The second layer of digital identity is the actions you take. These actions provide context to support those actions such as your location data, ads clicked, time spent on content, and whether you’re online or offline. Reporting on campaign activity is fair game in digital marketing.

The third layer is an analysis of the first and second layers to move beyond understanding what actions you take. This analysis will infer characteristics of who you are that you may not have otherwise revealed. For example, whether you’re a compulsive shopper, newly married, have new eating habits, or are battling addictions. This layer is invaluable for advertisers and platforms to surface relevant content. It’s also the most ethically ambiguous.

The new privacy line:

In 2019, Apple launched its ‘Privacy. That’s iPhone’ campaign to highlight how they limit the information that’s shared with third parties.
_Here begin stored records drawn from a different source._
(* Let $\mathcal{V}$ be a real vector space of dimension $d$, let $\tau\in\vee^2\mathcal{V}^*$ have rank $p+1$ and Lorentzian signature, and let $Lf_p(\mathcal{V},\tau)=\{(\tau_0,\dots,\tau_p)\in\mathcal{V}^{p+1}:\tau(\tau_A,\tau_B)=\eta_{AB}\}$ be the space of longitudinal frames. Then the longitudinal group $LG_p$, realised as the set of pairs $(\Lambda,V)$ with $\Lambda\in O(1,p)$ and $V=(V_0,\dots,V_p)\in\mathrm{Ker}(\tau)^{p+1}$, acts on $Lf_p(\mathcal{V},\tau)$ from the right by $\tau_A\cdot(\Lambda,V)={\Lambda^A}_B\tau_A+V_B$, and this action is free and transitive: for every $\tau_A,\tau'_A\in Lf_p(\mathcal{V},\tau)$ there is exactly one pair $(\Lambda,V)$ with $\tau'_B={\Lambda^A}_B\tau_A+V_B$. Thus $Lf_p(\mathcal{V},\tau)$ is an $LG_p$-torsor.
   Context: $\eta_{AB}=\mathrm{diag}(-1,1,\dots,1)$; $\mathrm{Ker}(\tau)=\{v\in\mathcal{V}:\tau(v,\cdot)=0\}$, of dimension $d-p-1$. The longitudinal group $LG_p$ is the group of block matrices $\begin{pmatrix}\Lambda&0\\ v&\mathbb{1}\end{pmatrix}$ with $\Lambda\in O(1,p)$ and $v\in\mathbb{R}^{(d-p-1)\times(p+1)}$; its action on longitudinal frames is expressed with $V_B={v^i}_Be_i$ for a basis $e_i$ of $\mathrm{Ker}(\tau)$. *)

theory Defs
  imports "HOL-Analysis.Analysis"
begin

definition eta :: "nat \<Rightarrow> nat \<Rightarrow> real" where
  "eta A B = (if A = B then (if A = 0 then -1 else 1) else 0)"

definition sym_bilinear_form :: "('v::euclidean_space \<Rightarrow> 'v \<Rightarrow> real) \<Rightarrow> bool" where
  "sym_bilinear_form tau \<longleftrightarrow> bilinear tau \<and> (\<forall>x y. tau x y = tau y x)"

text \<open>tau has rank p+1 and Lorentzian signature: in some basis e_0,...,e_{d-1} of 'v
  it is diag(-1,1,...,1,0,...,0) with exactly one -1, p entries +1 and d-p-1 zeros
  (Sylvester normal form).\<close>
definition lorentzian_rank :: "('v::euclidean_space \<Rightarrow> 'v \<Rightarrow> real) \<Rightarrow> nat \<Rightarrow> bool" where
  "lorentzian_rank tau p \<longleftrightarrow> p < DIM('v) \<and>
     (\<exists>e :: nat \<Rightarrow> 'v. inj_on e {..<DIM('v)} \<and> independent (e ` {..<DIM('v)}) \<and>
        (\<forall>i<DIM('v). \<forall>j<DIM('v).
           tau (e i) (e j) = (if i = j then (if i = 0 then -1 else if i \<le> p then 1 else 0) else 0)))"

definition Ker :: "('v::euclidean_space \<Rightarrow> 'v \<Rightarrow> real) \<Rightarrow> 'v set" where
  "Ker tau = {v. \<forall>w. tau v w = 0}"

text \<open>Longitudinal frames (tau_0,...,tau_p), stored as functions nat => 'v vanishing beyond p.\<close>
definition Lf :: "nat \<Rightarrow> ('v::euclidean_space \<Rightarrow> 'v \<Rightarrow> real) \<Rightarrow> (nat \<Rightarrow> 'v) set" where
  "Lf p tau = {f. (\<forall>A\<le>p. \<forall>B\<le>p. tau (f A) (f B) = eta A B) \<and> (\<forall>A>p. f A = 0)}"

text \<open>O(1,p): matrices Lambda (entry Lambda A B = Lambda^A_B, indices 0..p, zero outside)
  with Lambda^T eta Lambda = eta.\<close>
definition O1p :: "nat \<Rightarrow> (nat \<Rightarrow> nat \<Rightarrow> real) set" where
  "O1p p = {L. (\<forall>B\<le>p. \<forall>C\<le>p. (\<Sum>A\<le>p. \<Sum>D\<le>p. L A B * eta A D * L D C) = eta B C) \<and>
               (\<forall>A B. (p < A \<or> p < B) \<longrightarrow> L A B = 0)}"

definition LG :: "nat \<Rightarrow> ('v::euclidean_space \<Rightarrow> 'v \<Rightarrow> real) \<Rightarrow> ((nat \<Rightarrow> nat \<Rightarrow> real) \<times> (nat \<Rightarrow> 'v)) set" where
  "LG p tau = {(L, V). L \<in> O1p p \<and> (\<forall>B\<le>p. V B \<in> Ker tau) \<and> (\<forall>B>p. V B = 0)}"

definition act :: "nat \<Rightarrow> (nat \<Rightarrow> 'v::euclidean_space) \<Rightarrow> (nat \<Rightarrow> nat \<Rightarrow> real) \<times> (nat \<Rightarrow> 'v) \<Rightarrow> (nat \<Rightarrow> 'v)" where
  "act p f g = (\<lambda>B. if B \<le> p then (\<Sum>A\<le>p. fst g A B *\<^sub>R f A) + snd g B else 0)"

text \<open>Group law of LG_p, from the block-matrix product
  [[L1,0],[v1,1]] [[L2,0],[v2,1]] = [[L1 L2,0],[v1 L2 + v2,1]].\<close>
definition LG_mult :: "nat \<Rightarrow> (nat \<Rightarrow> nat \<Rightarrow> real) \<times> (nat \<Rightarrow> 'v::euclidean_space) \<Rightarrow>
    (nat \<Rightarrow> nat \<Rightarrow> real) \<times> (nat \<Rightarrow> 'v) \<Rightarrow> (nat \<Rightarrow> nat \<Rightarrow> real) \<times> (nat \<Rightarrow> 'v)" where
  "LG_mult p g h =
     ((\<lambda>A C. if A \<le> p \<and> C \<le> p then (\<Sum>B\<le>p. fst g A B * fst h B C) else 0),
      (\<lambda>C. if C \<le> p then (\<Sum>B\<le>p. fst h B C *\<^sub>R snd g B) + snd h C else 0))"

definition LG_one :: "nat \<Rightarrow> (nat \<Rightarrow> nat \<Rightarrow> real) \<times> (nat \<Rightarrow> 'v::euclidean_space)" where
  "LG_one p = ((\<lambda>A B. if A = B \<and> A \<le> p then 1 else 0), (\<lambda>_. 0))"

end

theory Submission
  imports Defs
begin

text \<open>
  Pairing a transformed frame with the original one reads off the group element: since
  \<open>V\<^sub>B\<close> lies in the kernel, \<open>\<tau>((f\<cdot>(\<Lambda>,V))\<^sub>B, f\<^sub>A) = \<Lambda>\<^sup>A\<^sub>B \<eta>\<^sub>A\<^sub>A\<close>. This gives freeness
  and dictates the candidate \<open>\<Lambda>\<^sup>A\<^sub>B = \<eta>\<^sub>A\<^sub>A \<tau>(f'\<^sub>B, f\<^sub>A)\<close>, \<open>V\<^sub>B = f'\<^sub>B - \<Lambda>\<^sup>A\<^sub>B f\<^sub>A\<close> for
  transitivity; \<open>\<Lambda>\<close> is Lorentzian because \<open>\<tau>\<close> restricted to the span of a frame is \<open>\<eta>\<close>.
  The remaining point is that \<open>V\<^sub>B\<close>, which by construction is only \<open>\<tau>\<close>-orthogonal to the
  frame, lies in \<open>Ker \<tau>\<close>. This is a dimension count: the frame spans a
  \<open>(p+1)\<close>-dimensional space meeting its \<open>\<tau>\<close>-orthogonal complement trivially, so the
  complement has dimension at most \<open>d - p - 1\<close>; it contains \<open>Ker \<tau>\<close>, which by the
  Sylvester normal form has dimension at least \<open>d - p - 1\<close>, so the two coincide.
\<close>

lemma bilinear_sum_scaleR_left:
  assumes "bilinear h"
  shows "h (\<Sum>i\<in>S. c i *\<^sub>R x i) y = (\<Sum>i\<in>S. c i * h (x i) y)"
proof -
  have lin: "linear (\<lambda>x. h x y)" using assms by (simp add: bilinear_def)
  show ?thesis by (simp add: linear_sum[OF lin] linear_scale[OF lin])
qed

lemma bilinear_sum_scaleR_right:
  assumes "bilinear h"
  shows "h x (\<Sum>i\<in>S. c i *\<^sub>R y i) = (\<Sum>i\<in>S. c i * h x (y i))"
proof -
  have lin: "linear (\<lambda>y. h x y)" using assms by (simp add: bilinear_def)
  show ?thesis by (simp add: linear_sum[OF lin] linear_scale[OF lin])
qed

lemma eta_diag_square [simp]: "eta A A * eta A A = 1"
  by (simp add: eta_def)

lemma eta_diag_nonzero [simp]: "eta A A \<noteq> 0"
  by (simp add: eta_def)

lemma sum_eta_right:
  assumes "C \<le> p"
  shows "(\<Sum>A\<le>p. c A * eta A C) = c C * eta C C"
proof -
  have "(\<Sum>A\<le>p. c A * eta A C) = (\<Sum>A\<le>p. if A = C then c C * eta C C else 0)"
    by (rule sum.cong) (auto simp: eta_def)
  then show ?thesis using assms by simp
qed

definition tau_orth :: "('v::real_vector \<Rightarrow> 'v \<Rightarrow> real) \<Rightarrow> 'v set \<Rightarrow> 'v set" where
  "tau_orth tau S = {y. \<forall>x\<in>S. tau y x = 0}"

lemma subspace_tau_orth:
  assumes "bilinear tau"
  shows "subspace (tau_orth tau S)"
  unfolding subspace_def tau_orth_def
  by (simp add: bilinear_lzero[OF assms] bilinear_ladd[OF assms] bilinear_lmul[OF assms])

lemma tau_orth_span:
  assumes "bilinear tau"
  shows "tau_orth tau (span S) = tau_orth tau S"
proof
  show "tau_orth tau (span S) \<subseteq> tau_orth tau S"
    using span_superset by (auto simp: tau_orth_def)
  show "tau_orth tau S \<subseteq> tau_orth tau (span S)"
  proof (clarsimp simp: tau_orth_def)
    fix y x assume y: "\<forall>x\<in>S. tau y x = 0" and "x \<in> span S"
    from \<open>x \<in> span S\<close> show "tau y x = 0"
      by (induction rule: span_induct_alt)
         (simp_all add: y bilinear_rzero[OF assms] bilinear_radd[OF assms] bilinear_rmul[OF assms])
  qed
qed

lemma Ker_eq_tau_orth_UNIV: "Ker tau = tau_orth tau UNIV"
  by (simp add: Ker_def tau_orth_def)

lemma Ker_eq_tau_orth_spanning:
  assumes "bilinear tau" "span S = UNIV"
  shows "Ker tau = tau_orth tau S"
  using tau_orth_span[OF assms(1), of S] assms(2) by (simp add: Ker_eq_tau_orth_UNIV)

lemma Ker_subset_tau_orth: "Ker tau \<subseteq> tau_orth tau S"
  by (auto simp: Ker_def tau_orth_def)

lemma lorentzian_rank_dim_Ker:
  fixes tau :: "'v::euclidean_space \<Rightarrow> 'v \<Rightarrow> real"
  assumes bil: "bilinear tau" and "lorentzian_rank tau p"
  shows "DIM('v) - Suc p \<le> dim (Ker tau)"
proof -
  obtain e :: "nat \<Rightarrow> 'v" where inj: "inj_on e {..<DIM('v)}"
    and ind: "independent (e ` {..<DIM('v)})"
    and tau_e: "\<forall>i<DIM('v). \<forall>j<DIM('v). tau (e i) (e j) =
       (if i = j then (if i = 0 then -1 else if i \<le> p then 1 else 0) else 0)"
    using assms(2) unfolding lorentzian_rank_def by blast
  have "dim (span (e ` {..<DIM('v)})) = DIM('v)"
    using dim_span_eq_card_independent[OF ind] card_image[OF inj] by simp
  then have span_e: "span (e ` {..<DIM('v)}) = UNIV"
    using dim_eq_full dim_span by metis
  have e_Ker: "e i \<in> Ker tau" if "p < i" "i < DIM('v)" for i
    using tau_e that by (auto simp: Ker_eq_tau_orth_spanning[OF bil span_e] tau_orth_def)
  have sub: "{Suc p..<DIM('v)} \<subseteq> {..<DIM('v)}" by auto
  have "card (e ` {Suc p..<DIM('v)}) = DIM('v) - Suc p"
    using card_image[OF inj_on_subset[OF inj sub]] by simp
  moreover have "e ` {Suc p..<DIM('v)} \<subseteq> Ker tau" using e_Ker by auto
  moreover have "independent (e ` {Suc p..<DIM('v)})"
    using independent_mono[OF ind] sub by blast
  ultimately show ?thesis using independent_card_le_dim by metis
qed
It’s here that the new privacy line started to be drawn by Apple through their stance on what data is shared about you with the websites you visit.

The new privacy line acknowledges that your data is shared between organizations and third parties. Organisations understand your behaviors and build profiles based on this data, but it’s not personally identifiable to you. The new privacy line shares the second and third layers of digital identity but obfuscates the first layer to implement privacy.

There are three levers that tech organisations and publishers are using to carve the new privacy line – secure multi-party computation, differential privacy, and on-device analytics. Let’s break them down:

Secure multi-party computation refers to sharing, matching, and querying data from multiple business partners without sharing or revealing the personal information of individuals. For example, Meta reports on the deal size of customers who clicked on an ad without revealing who it was.

Differential privacy involves analysing data and extracting required business metrics without knowing the details of the individual in the data set. For example, Google uses the Privacy Sandbox to cluster people into large groups to target site visitors based on Topics they might be interested in vs. an individual’s browsing history.

On-device analytics involves limiting the transfer of data by performing processing functions on the user’s device. For example, LinkedIn uses on-device conversion tracking to track ad engagement and conversions without sharing individual member-level third-party data back to LinkedIn.

The question – how much should we know about the new privacy line?

The IAB SEA+India Data and Attribution Council members discussed this new privacy line and how much we should know about it. As a cohort, we recognise the importance of understanding this new line and how it affects our industry, albeit at a high level.

The Council found that the ever-changing, technically heavy privacy line was important to recognise and be familiar with. We recognise the line is no longer about just protecting users from malicious activity and that a balance exists between content relevance and data privacy.

So, what does this mean for practitioners? You can’t really see digital privacy in practice. Our goal shouldn’t be to understand the nuances of how Meta, Apple, Google, LinkedIn or any other organisation is defining the new line of digital privacy for its users. Instead, it’s our responsibility to understand the implications of these reforms to the social definition of digital privacy alongside how it impacts the efficacy of our marketing activities. It’s important to know there’s a new privacy line emerging, but we shouldn’t place an unrealistic expectation on ourselves to know everything about it.